*** DATA FOR THIS TASK ***
(* Let $f$ be a face. Then (1) $\|\mathbf 1_{\{f\text{ is vacant}\}}\|_f\le\lambda^{-1/4}$ for every $\lambda>0$; and (2) for each $c<\frac14$ and all sufficiently large $\lambda$, $\|\mathbf 1_{\{f\text{ is occupied}\}}\|_f\le1-c\lambda^{-1/2}$.
   Context: Tiles: $T_{(x,y)}=[x-1,x+1]\times[y-1,y+1]$; $\Omega=\{\sigma\in\{0,1\}^{\mathbb{Z}^2}: \sigma(u)=\sigma(v)=1,u\ne v\Rightarrow\mathrm{int}(T_u)\cap\mathrm{int}(T_v)=\emptyset\}$. A face is a unit square $[a,a+1]\times[b,b+1]$, $a,b\in\mathbb{Z}$ (itself a $1\times1$ rectangle); it is vacant in $\sigma$ if contained in no tile of $\sigma$, otherwise occupied. Rectangles: closed axis-parallel with integer corners; $R_{K\times L}=[0,K]\times[0,L]$. For a rectangle $\Lambda$: $w_{\Lambda,\lambda}(\sigma)=\lambda^{-\frac14\#\{\text{vacant faces}\subset\Lambda\}}$; $\Omega^{\mathrm{per}}_\Lambda$ = configurations periodic under $(\mathrm{Width}\Lambda,0),(0,\mathrm{Height}\Lambda)$; $\mu^{\mathrm{per}}_{\Lambda,\lambda}\propto w_{\Lambda,\lambda}$ on $\Omega^{\mathrm{per}}_\Lambda$. For $(\tau f)(\sigma)=f(\sigma\circ\tau)$; for $R=[x_0,x_0+K]\times[y_0,y_0+L]$, $T^R$ is the group generated by reflections through lines $x=x_0+mK$, $y=y_0+nL$; if $2K\mid\mathrm{Width}\Lambda$, $2L\mid\mathrm{Height}\Lambda$, $T^R_\Lambda$ is its quotient by translations in $\mathrm{Width}(\Lambda)\mathbb{Z}\times\mathrm{Height}(\Lambda)\mathbb{Z}$, $\|g\|_{R|\Lambda}=[\mu^{\mathrm{per}}_{\Lambda,\lambda}(\prod_{\tau\in T^R_\Lambda}\tau g)]^{1/\#T^R_\Lambda}$ for $g$ depending only on $\sigma|_{R\cap\mathbb{Z}^2}$, and $\|g\|_R=\limsup_{n\to\infty}\|g\|_{R|R_{n!\times n!}}$. *)

theory Defs
  imports "HOL-Analysis.Analysis" "HOL-Library.Liminf_Limsup" "HOL-Library.Extended_Real"
begin

text \<open>Configurations: sigma : Z^2 -> {0,1}, encoded with bool (True = 1).\<close>
type_synonym config = "int \<times> int \<Rightarrow> bool"

definition tile :: "int \<times> int \<Rightarrow> (real \<times> real) set" where
  "tile u = {real_of_int (fst u) - 1 .. real_of_int (fst u) + 1}
          \<times> {real_of_int (snd u) - 1 .. real_of_int (snd u) + 1}"

definition Omega :: "config set" where
  "Omega = {\<sigma>. \<forall>u v. \<sigma> u \<and> \<sigma> v \<and> u \<noteq> v \<longrightarrow> interior (tile u) \<inter> interior (tile v) = {}}"

definition face :: "int \<times> int \<Rightarrow> (real \<times> real) set" where
  "face p = {real_of_int (fst p) .. real_of_int (fst p) + 1}
          \<times> {real_of_int (snd p) .. real_of_int (snd p) + 1}"

definition vacant :: "config \<Rightarrow> int \<times> int \<Rightarrow> bool" where
  "vacant \<sigma> p \<longleftrightarrow> \<not> (\<exists>u. \<sigma> u \<and> face p \<subseteq> tile u)"

definition rectR :: "int \<Rightarrow> int \<Rightarrow> (real \<times> real) set" where
  "rectR W H = {0 .. real_of_int W} \<times> {0 .. real_of_int H}"

definition num_vacant :: "int \<Rightarrow> int \<Rightarrow> config \<Rightarrow> nat" where
  "num_vacant W H \<sigma> = card {p. face p \<subseteq> rectR W H \<and> vacant \<sigma> p}"

definition weight :: "real \<Rightarrow> int \<Rightarrow> int \<Rightarrow> config \<Rightarrow> real" where
  "weight lam W H \<sigma> = lam powr (- (1/4) * real (num_vacant W H \<sigma>))"

definition Omega_per :: "int \<Rightarrow> int \<Rightarrow> config set" where
  "Omega_per W H = {\<sigma> \<in> Omega. \<forall>x y. \<sigma> (x + W, y) = \<sigma> (x, y) \<and> \<sigma> (x, y + H) = \<sigma> (x, y)}"

definition mu_per :: "real \<Rightarrow> int \<Rightarrow> int \<Rightarrow> (config \<Rightarrow> real) \<Rightarrow> real" where
  "mu_per lam W H F =
     (\<Sum>\<sigma>\<in>Omega_per W H. weight lam W H \<sigma> * F \<sigma>) / (\<Sum>\<sigma>\<in>Omega_per W H. weight lam W H \<sigma>)"

definition reflx :: "int \<Rightarrow> int \<times> int \<Rightarrow> int \<times> int" where
  "reflx c v = (2 * c - fst v, snd v)"

definition refly :: "int \<Rightarrow> int \<times> int \<Rightarrow> int \<times> int" where
  "refly c v = (fst v, 2 * c - snd v)"

inductive_set refl_group :: "int \<Rightarrow> int \<Rightarrow> int \<Rightarrow> int \<Rightarrow> (int \<times> int \<Rightarrow> int \<times> int) set"
  for x0 y0 K L where
  rg_id: "id \<in> refl_group x0 y0 K L"
| rg_x: "\<tau> \<in> refl_group x0 y0 K L \<Longrightarrow> reflx (x0 + m * K) \<circ> \<tau> \<in> refl_group x0 y0 K L"
| rg_y: "\<tau> \<in> refl_group x0 y0 K L \<Longrightarrow> refly (y0 + n * L) \<circ> \<tau> \<in> refl_group x0 y0 K L"

definition trans_rel :: "int \<Rightarrow> int \<Rightarrow> int \<Rightarrow> int \<Rightarrow> int \<Rightarrow> int
    \<Rightarrow> ((int \<times> int \<Rightarrow> int \<times> int) \<times> (int \<times> int \<Rightarrow> int \<times> int)) set" where
  "trans_rel x0 y0 K L W H =
     {(\<tau>1, \<tau>2). \<tau>1 \<in> refl_group x0 y0 K L \<and> \<tau>2 \<in> refl_group x0 y0 K L \<and>
        (\<exists>i j. \<forall>v. \<tau>1 v = (fst (\<tau>2 v) + i * W, snd (\<tau>2 v) + j * H))}"

definition TRL :: "int \<Rightarrow> int \<Rightarrow> int \<Rightarrow> int \<Rightarrow> int \<Rightarrow> int
    \<Rightarrow> (int \<times> int \<Rightarrow> int \<times> int) set set" where
  "TRL x0 y0 K L W H = refl_group x0 y0 K L // trans_rel x0 y0 K L W H"

definition act :: "(int \<times> int \<Rightarrow> int \<times> int) set \<Rightarrow> (config \<Rightarrow> real) \<Rightarrow> config \<Rightarrow> real" where
  "act C g \<sigma> = g (\<sigma> \<circ> (SOME \<tau>. \<tau> \<in> C))"

definition norm_RL :: "(config \<Rightarrow> real) \<Rightarrow> int \<Rightarrow> int \<Rightarrow> int \<Rightarrow> int \<Rightarrow> real \<Rightarrow> int \<Rightarrow> int \<Rightarrow> real" where
  "norm_RL g x0 y0 K L lam W H =
     (mu_per lam W H (\<lambda>\<sigma>. \<Prod>C\<in>TRL x0 y0 K L W H. act C g \<sigma>))
       powr (1 / real (card (TRL x0 y0 K L W H)))"

definition norm_R :: "(config \<Rightarrow> real) \<Rightarrow> int \<Rightarrow> int \<Rightarrow> int \<Rightarrow> int \<Rightarrow> real \<Rightarrow> ereal" where
  "norm_R g x0 y0 K L lam =
     limsup (\<lambda>n. ereal (norm_RL g x0 y0 K L lam (fact n) (fact n)))"

definition norm_face :: "(config \<Rightarrow> real) \<Rightarrow> int \<times> int \<Rightarrow> real \<Rightarrow> ereal" where
  "norm_face g p lam = norm_R g (fst p) (snd p) 1 1 lam"

definition vacant_ind :: "int \<times> int \<Rightarrow> config \<Rightarrow> real" where
  "vacant_ind p \<sigma> = (if vacant \<sigma> p then 1 else 0)"

definition occupied_ind :: "int \<times> int \<Rightarrow> config \<Rightarrow> real" where
  "occupied_ind p \<sigma> = (if vacant \<sigma> p then 0 else 1)"

end

theory Submission
  imports Defs
begin

text \<open>The chessboard estimate reduces both bounds to products over the reflection group of the
  face. For \<open>f\<close> vacant, the reflected product is the indicator that every face is vacant, i.e.\ that
  the configuration is empty; its weight is \<open>\<lambda>^{-N/4}\<close> for the \<open>N\<close> faces of the torus, against a
  partition sum at least one. For \<open>f\<close> occupied, it is the indicator that no face is vacant; such
  configurations have weight one and are determined by one row and one column, so there are at
  most \<open>2^{W+H}\<close> of them. The partition sum is bounded below by configurations made of columns
  of width two, each a stack of tiles and unit gaps: with \<open>t = \<lambda>^{-1/2}\<close> a column of height \<open>L\<close>
  contributes \<open>a_L(t) = \<Sum> t^{#gaps}\<close>, and \<open>a_{L+2} = a_L + t a_{L+1}\<close> gives growth \<open>r^L\<close> with
  \<open>r\<^sup>2 = t r + 1\<close>. Taking \<open>N\<close>-th roots the bound tends to \<open>r^{-1/2} = 1 - t/4 + O(t\<^sup>2)\<close>, which is at
  most \<open>1 - c t\<close> for \<open>c < 1/4\<close> and small \<open>t\<close>.\<close>

lemma face_subset_tile_iff:
  "face p \<subseteq> tile u \<longleftrightarrow> (fst u = fst p \<or> fst u = fst p + 1) \<and> (snd u = snd p \<or> snd u = snd p + 1)"
proof
  assume "face p \<subseteq> tile u"
  then have "(real_of_int (fst p), real_of_int (snd p)) \<in> tile u"
    and "(real_of_int (fst p) + 1, real_of_int (snd p) + 1) \<in> tile u"
    unfolding face_def by auto
  then have "fst u - 1 \<le> fst p" "fst p \<le> fst u" "snd u - 1 \<le> snd p" "snd p \<le> snd u"
    unfolding tile_def by auto
  then show "(fst u = fst p \<or> fst u = fst p + 1) \<and> (snd u = snd p \<or> snd u = snd p + 1)"
    by auto
qed (auto simp: face_def tile_def)

lemma vacant_iff:
  "vacant \<sigma> (a, b) \<longleftrightarrow> \<not> (\<sigma> (a, b) \<or> \<sigma> (a + 1, b) \<or> \<sigma> (a, b + 1) \<or> \<sigma> (a + 1, b + 1))"
  unfolding vacant_def face_subset_tile_iff by auto

lemma face_subset_rectR_iff:
  "face p \<subseteq> rectR W H \<longleftrightarrow> 0 \<le> fst p \<and> fst p < W \<and> 0 \<le> snd p \<and> snd p < H"
proof
  assume "face p \<subseteq> rectR W H"
  then have "(real_of_int (fst p), real_of_int (snd p)) \<in> rectR W H"
    and "(real_of_int (fst p) + 1, real_of_int (snd p) + 1) \<in> rectR W H"
    unfolding face_def by auto
  then show "0 \<le> fst p \<and> fst p < W \<and> 0 \<le> snd p \<and> snd p < H"
    unfolding rectR_def by auto
next
  assume "0 \<le> fst p \<and> fst p < W \<and> 0 \<le> snd p \<and> snd p < H"
  then have "0 \<le> fst p" "real_of_int (fst p) + 1 \<le> real_of_int W"
    "0 \<le> snd p" "real_of_int (snd p) + 1 \<le> real_of_int H"
    by (simp_all flip: of_int_add add: of_int_le_iff del: of_int_add)
  then show "face p \<subseteq> rectR W H"
    unfolding face_def rectR_def by auto
qed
*** End of DATA FOR THIS TASK ***
#### WORK TO COMPLETE
From the records above, quote only the lines running from the line with "int \<Rightarrow> (int" to the line with "L \<Longrightarrow> reflx", both lines included.

#### FINISHED TASK
inductive_set refl_group :: "int \<Rightarrow> int \<Rightarrow> int \<Rightarrow> int \<Rightarrow> (int \<times> int \<Rightarrow> int \<times> int) set"
  for x0 y0 K L where
  rg_id: "id \<in> refl_group x0 y0 K L"
| rg_x: "\<tau> \<in> refl_group x0 y0 K L \<Longrightarrow> reflx (x0 + m * K) \<circ> \<tau> \<in> refl_group x0 y0 K L"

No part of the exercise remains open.